EXERCISE INSTRUCTIONS: Under this line are the records; write out word for word the part that begins at the line containing "a b c d = E" and ends at the line containing "using assms(1,2) ends", and no more.

——————————

lemma sb_connected_complete_bipartite_minus_edge:
  assumes "u \<in> U" "u' \<in> U" "u \<noteq> u'" "v \<in> V" "v' \<in> V" "v \<noteq> v'"
    and "U \<times> V - {e} \<subseteq> P \<union> N"
  shows "sb_connected U V P N"
  unfolding sb_connected_def
proof (intro ballI)
  fix x y assume xy: "x \<in> U" "y \<in> V"
  show "(x, y) \<in> reach (P \<union> N)"
  proof (cases "(x, y) = e")
    case False
    then show ?thesis using assms(7) xy by (intro reach_edge) auto
  next
    case True
    obtain x' where x': "x' \<in> U" "x' \<noteq> x" using assms(1-3) by metis
    obtain y' where y': "y' \<in> V" "y' \<noteq> y" using assms(4-6) by metis
    have "(x, y') \<in> P \<union> N" "(x', y') \<in> P \<union> N" "(x', y) \<in> P \<union> N"
      using assms(7) xy True x' y' by auto
    then have "(x, y') \<in> reach (P \<union> N)" "(y', x') \<in> reach (P \<union> N)" "(x', y) \<in> reach (P \<union> N)"
      using reach_edge reach_sym by blast+
    then show ?thesis
      using rtrancl_trans by metis
  qed
qed

definition two_switch :: "('a \<times> 'a) set \<Rightarrow> 'a \<Rightarrow> 'a \<Rightarrow> 'a \<Rightarrow> 'a \<Rightarrow> ('a \<times> 'a) set" where
  "two_switch E a b c d = E - {(a, b), (c, d)} \<union> {(a, d), (c, b)}"

lemma two_switch_commute: "two_switch E a b c d = two_switch E c d a b"
  unfolding two_switch_def by auto

lemma card_insert_Diff_swap:
  "finite A \<Longrightarrow> a \<in> A \<Longrightarrow> b \<notin> A \<Longrightarrow> card (insert b (A - {a})) = card A"
  using card_Suc_Diff1 by fastforce

lemma inc_deg_two_switch:
  assumes "E \<subseteq> U \<times> V" "U \<inter> V = {}" "finite E"
    and "(a, b) \<in> E" "(c, d) \<in> E" "(a, d) \<notin> E" "(c, b) \<notin> E"
  shows "inc_deg (two_switch E a b c d) x = inc_deg E x"
proof -
  have fin: "finite (nbrs E y)" for y
  proof -
    have "nbrs E y \<subseteq> fst ` E \<union> snd ` E" unfolding nbrs_def by force
    then show ?thesis using assms(3) by (meson finite_Un finite_imageI finite_subset)
  qed
  have ends: "a \<in> U" "c \<in> U" "b \<in> V" "d \<in> V"
    using assms by auto
  then have ends_distinct: "a \<noteq> c" "b \<noteq> d" "a \<noteq> b" "a \<noteq> d" "c \<noteq> b" "c \<noteq> d"
    using assms by auto
  have old: "b \<in> nbrs E a" "d \<in> nbrs E c" "a \<in> nbrs E b" "c \<in> nbrs E d"
    using assms(4,5) unfolding nbrs_def by auto
  have new: "d \<notin> nbrs E a" "b \<notin> nbrs E c" "c \<notin> nbrs E b" "a \<notin> nbrs E d"
    using assms(1,2,6,7) ends unfolding nbrs_def by auto
  have switched: "nbrs (two_switch E a b c d) a = insert d (nbrs E a - {b})"
    "nbrs (two_switch E a b c d) c = insert b (nbrs E c - {d})"
    "nbrs (two_switch E a b c d) b = insert c (nbrs E b - {a})"
    "nbrs (two_switch E a b c d) d = insert a (nbrs E d - {c})"
    "x \<notin> {a, b, c, d} \<Longrightarrow> nbrs (two_switch E a b c d) x = nbrs E x"
    using assms(1,2) ends ends_distinct unfolding nbrs_def two_switch_def by auto
  consider "x = a" | "x = c" | "x = b" | "x = d" | "x \<notin> {a, b, c, d}" by blast
  then show ?thesis
    by cases
      (simp_all only: inc_deg_eq_card_nbrs switched card_insert_Diff_swap fin old new not_False_eq_True)
qed

lemma inc_deg_Un_outside_Field: "x \<notin> Field F \<Longrightarrow> inc_deg (E \<union> F) x = inc_deg E x"
proof -
  assume "x \<notin> Field F"
  then have "nbrs (E \<union> F) x = nbrs E x" unfolding nbrs_def Field_def by blast
  then show ?thesis by (simp add: inc_deg_eq_card_nbrs)
qed

lemma reach_root_after_switch:
  assumes root1: "\<forall>x\<in>W1. (x, a) \<in> reach E1"
    and root2: "\<forall>x\<in>W2. (x, c) \<in> reach E2" and "d \<in> W2"
    and "E1 - {(a, b)} \<subseteq> F" "E2 \<subseteq> F" "(a, d) \<in> F" "(c, b) \<in> F"
  shows "\<forall>x\<in>W1 \<union> W2. (x, a) \<in> reach F"
proof
  have "(c, d) \<in> reach F"
    using root2 \<open>d \<in> W2\<close> \<open>E2 \<subseteq> F\<close> by (meson reach_mono reach_sym)
  then have c_a: "(c, a) \<in> reach F"
    using reach_sym[OF reach_edge[OF \<open>(a, d) \<in> F\<close>]] by (rule rtrancl_trans)
  have b_a: "(b, a) \<in> reach F"
    using reach_sym[OF reach_edge[OF \<open>(c, b) \<in> F\<close>]] c_a by (rule rtrancl_trans)
  fix x assume "x \<in> W1 \<union> W2"
  then show "(x, a) \<in> reach F"
  proof
    assume "x \<in> W1"
    then have "(x, a) \<in> reach (E1 - {(a, b)}) \<or> (x, b) \<in> reach (E1 - {(a, b)})"
      using root1 reach_Diff_edge by fastforce
    then show ?thesis
      using \<open>E1 - {(a, b)} \<subseteq> F\<close> b_a by (meson reach_mono rtrancl_trans)
  next
    assume "x \<in> W2"
    then show ?thesis
      using root2 \<open>E2 \<subseteq> F\<close> c_a by (meson reach_mono rtrancl_trans)
  qed
qed
(* Let $T>0$, let $U\subseteq\mathbb{R}^k$ with $0\in U$, let $f:[0,T]\times\mathbb{R}^n\times U\to\mathbb{R}^n$ be continuous and continuously differentiable in its second and third arguments, and let $x_0\in\mathbb{R}^n$. Let $\|\cdot\|$ be a norm on $\mathbb{R}^n$ with dual norm $\|\cdot\|_\star$, and $\|\cdot\|_U$ a norm on $\mathbb{R}^k$. Assume: (A1) there is $c>0$ such that for all $t\in[0,T]$ and $\tilde u\in U$, the map $x\mapsto f(t,x,\tilde u)$ has one-sided Lipschitz constant at most $-c$ with respect to $\|\cdot\|$, and the solution of $\dot x=f(t,x,0)$, $x(0)=x_0$ is bounded on $[0,T]$; (A2) for all $t\in[0,T]$ and $\tilde x\in\mathbb{R}^n$, the map $u\mapsto f(t,\tilde x,u)$ is Lipschitz from $(U,\|\cdot\|_U)$ to $(\mathbb{R}^n,\|\cdot\|)$ with constant $\ell_{f,u}$. Consider the system $\dot x(t)=f(t,x(t),u(t))$ and its adjoint $\dot\lambda(t)=-D_xf(t,x(t),u(t))^\top\lambda(t)-v(t)$ on $[0,T]$, with measurable inputs $u:[0,T]\to U$ and $v:[0,T]\to V$, where $U$ is bounded in $\|\cdot\|_U$ and $V\subset\mathbb{R}^n$ is bounded in $\|\cdot\|_\star$. Suppose the boundary conditions $x(0)$ and $\lambda(T)$ range over bounded sets. Then there exist sets $X\subset\mathbb{R}^n$ bounded in $\|\cdot\|$ and $\Lambda\subset\mathbb{R}^n$ bounded in $\|\cdot\|_\star$ such that $x(t)\in X$ and $\lambda(t)\in\Lambda$ for all $t\in[0,T]$, for all such boundary conditions, and for all measurable inputs $u:[0,T]\to U$ and $v:[0,T]\to V$.
   Context: The dual norm is $\|z\|_\star=\sup_{\|y\|\le1}y^\top z$. For a matrix $A$, the induced norm is $\|A\|=\sup_{\|x\|=1}\|Ax\|$ and the logarithmic norm is $\mu(A)=\lim_{h\to0^+}(\|I_n+hA\|-1)/h$. For continuously differentiable $F:\mathbb{R}^n\to\mathbb{R}^n$, its one-sided Lipschitz constant with respect to $\|\cdot\|$ is $\sup_{x}\mu(DF(x))$. Solutions are assumed to exist on $[0,T]$. *)

theory Defs
  imports "HOL-Analysis.Analysis"
begin

definition is_norm :: "('a::real_vector \<Rightarrow> real) \<Rightarrow> bool" where
  "is_norm N \<longleftrightarrow> (\<forall>x y. N (x + y) \<le> N x + N y) \<and> (\<forall>a x. N (a *\<^sub>R x) = \<bar>a\<bar> * N x)
     \<and> (\<forall>x. N x = 0 \<longleftrightarrow> x = 0)"

definition dual_norm :: "(real^'n \<Rightarrow> real) \<Rightarrow> real^'n \<Rightarrow> real" where
  "dual_norm N z = (SUP y\<in>{y. N y \<le> 1}. y \<bullet> z)"

definition ind_norm :: "(real^'n \<Rightarrow> real) \<Rightarrow> real^'n^'n \<Rightarrow> real" where
  "ind_norm N A = (SUP x\<in>{x. N x = 1}. N (A *v x))"

definition log_norm :: "(real^'n \<Rightarrow> real) \<Rightarrow> real^'n^'n \<Rightarrow> real" where
  "log_norm N A = Lim (at_right 0) (\<lambda>h. (ind_norm N (mat 1 + h *\<^sub>R A) - 1) / h)"

definition bounded_wrt :: "('a \<Rightarrow> real) \<Rightarrow> 'a set \<Rightarrow> bool" where
  "bounded_wrt N S \<longleftrightarrow> (\<exists>B. \<forall>x\<in>S. N x \<le> B)"

definition carath_sol :: "real \<Rightarrow> (real \<Rightarrow> 'a::euclidean_space \<Rightarrow> 'a) \<Rightarrow> (real \<Rightarrow> 'a) \<Rightarrow> bool" where
  "carath_sol T g y \<longleftrightarrow> (\<lambda>s. g s (y s)) absolutely_integrable_on {0..T}
     \<and> (\<forall>t\<in>{0..T}. ((\<lambda>s. g s (y s)) has_integral (y t - y 0)) {0..t})"

end

theory Submission
  imports Defs
begin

——————————

EXERCISE RESULT:
  "two_switch E a b c d = E - {(a, b), (c, d)} \<union> {(a, d), (c, b)}"

lemma two_switch_commute: "two_switch E a b c d = two_switch E c d a b"
  unfolding two_switch_def by auto

lemma card_insert_Diff_swap:
  "finite A \<Longrightarrow> a \<in> A \<Longrightarrow> b \<notin> A \<Longrightarrow> card (insert b (A - {a})) = card A"
  using card_Suc_Diff1 by fastforce

lemma inc_deg_two_switch:
  assumes "E \<subseteq> U \<times> V" "U \<inter> V = {}" "finite E"
    and "(a, b) \<in> E" "(c, d) \<in> E" "(a, d) \<notin> E" "(c, b) \<notin> E"
  shows "inc_deg (two_switch E a b c d) x = inc_deg E x"
proof -
  have fin: "finite (nbrs E y)" for y
  proof -
    have "nbrs E y \<subseteq> fst ` E \<union> snd ` E" unfolding nbrs_def by force
    then show ?thesis using assms(3) by (meson finite_Un finite_imageI finite_subset)
  qed
  have ends: "a \<in> U" "c \<in> U" "b \<in> V" "d \<in> V"
    using assms by auto
  then have ends_distinct: "a \<noteq> c" "b \<noteq> d" "a \<noteq> b" "a \<noteq> d" "c \<noteq> b" "c \<noteq> d"
    using assms by auto
  have old: "b \<in> nbrs E a" "d \<in> nbrs E c" "a \<in> nbrs E b" "c \<in> nbrs E d"
    using assms(4,5) unfolding nbrs_def by auto
  have new: "d \<notin> nbrs E a" "b \<notin> nbrs E c" "c \<notin> nbrs E b" "a \<notin> nbrs E d"
    using assms(1,2,6,7) ends unfolding nbrs_def by auto
  have switched: "nbrs (two_switch E a b c d) a = insert d (nbrs E a - {b})"
    "nbrs (two_switch E a b c d) c = insert b (nbrs E c - {d})"
    "nbrs (two_switch E a b c d) b = insert c (nbrs E b - {a})"
    "nbrs (two_switch E a b c d) d = insert a (nbrs E d - {c})"
    "x \<notin> {a, b, c, d} \<Longrightarrow> nbrs (two_switch E a b c d) x = nbrs E x"
    using assms(1,2) ends ends_distinct unfolding nbrs_def two_switch_def by auto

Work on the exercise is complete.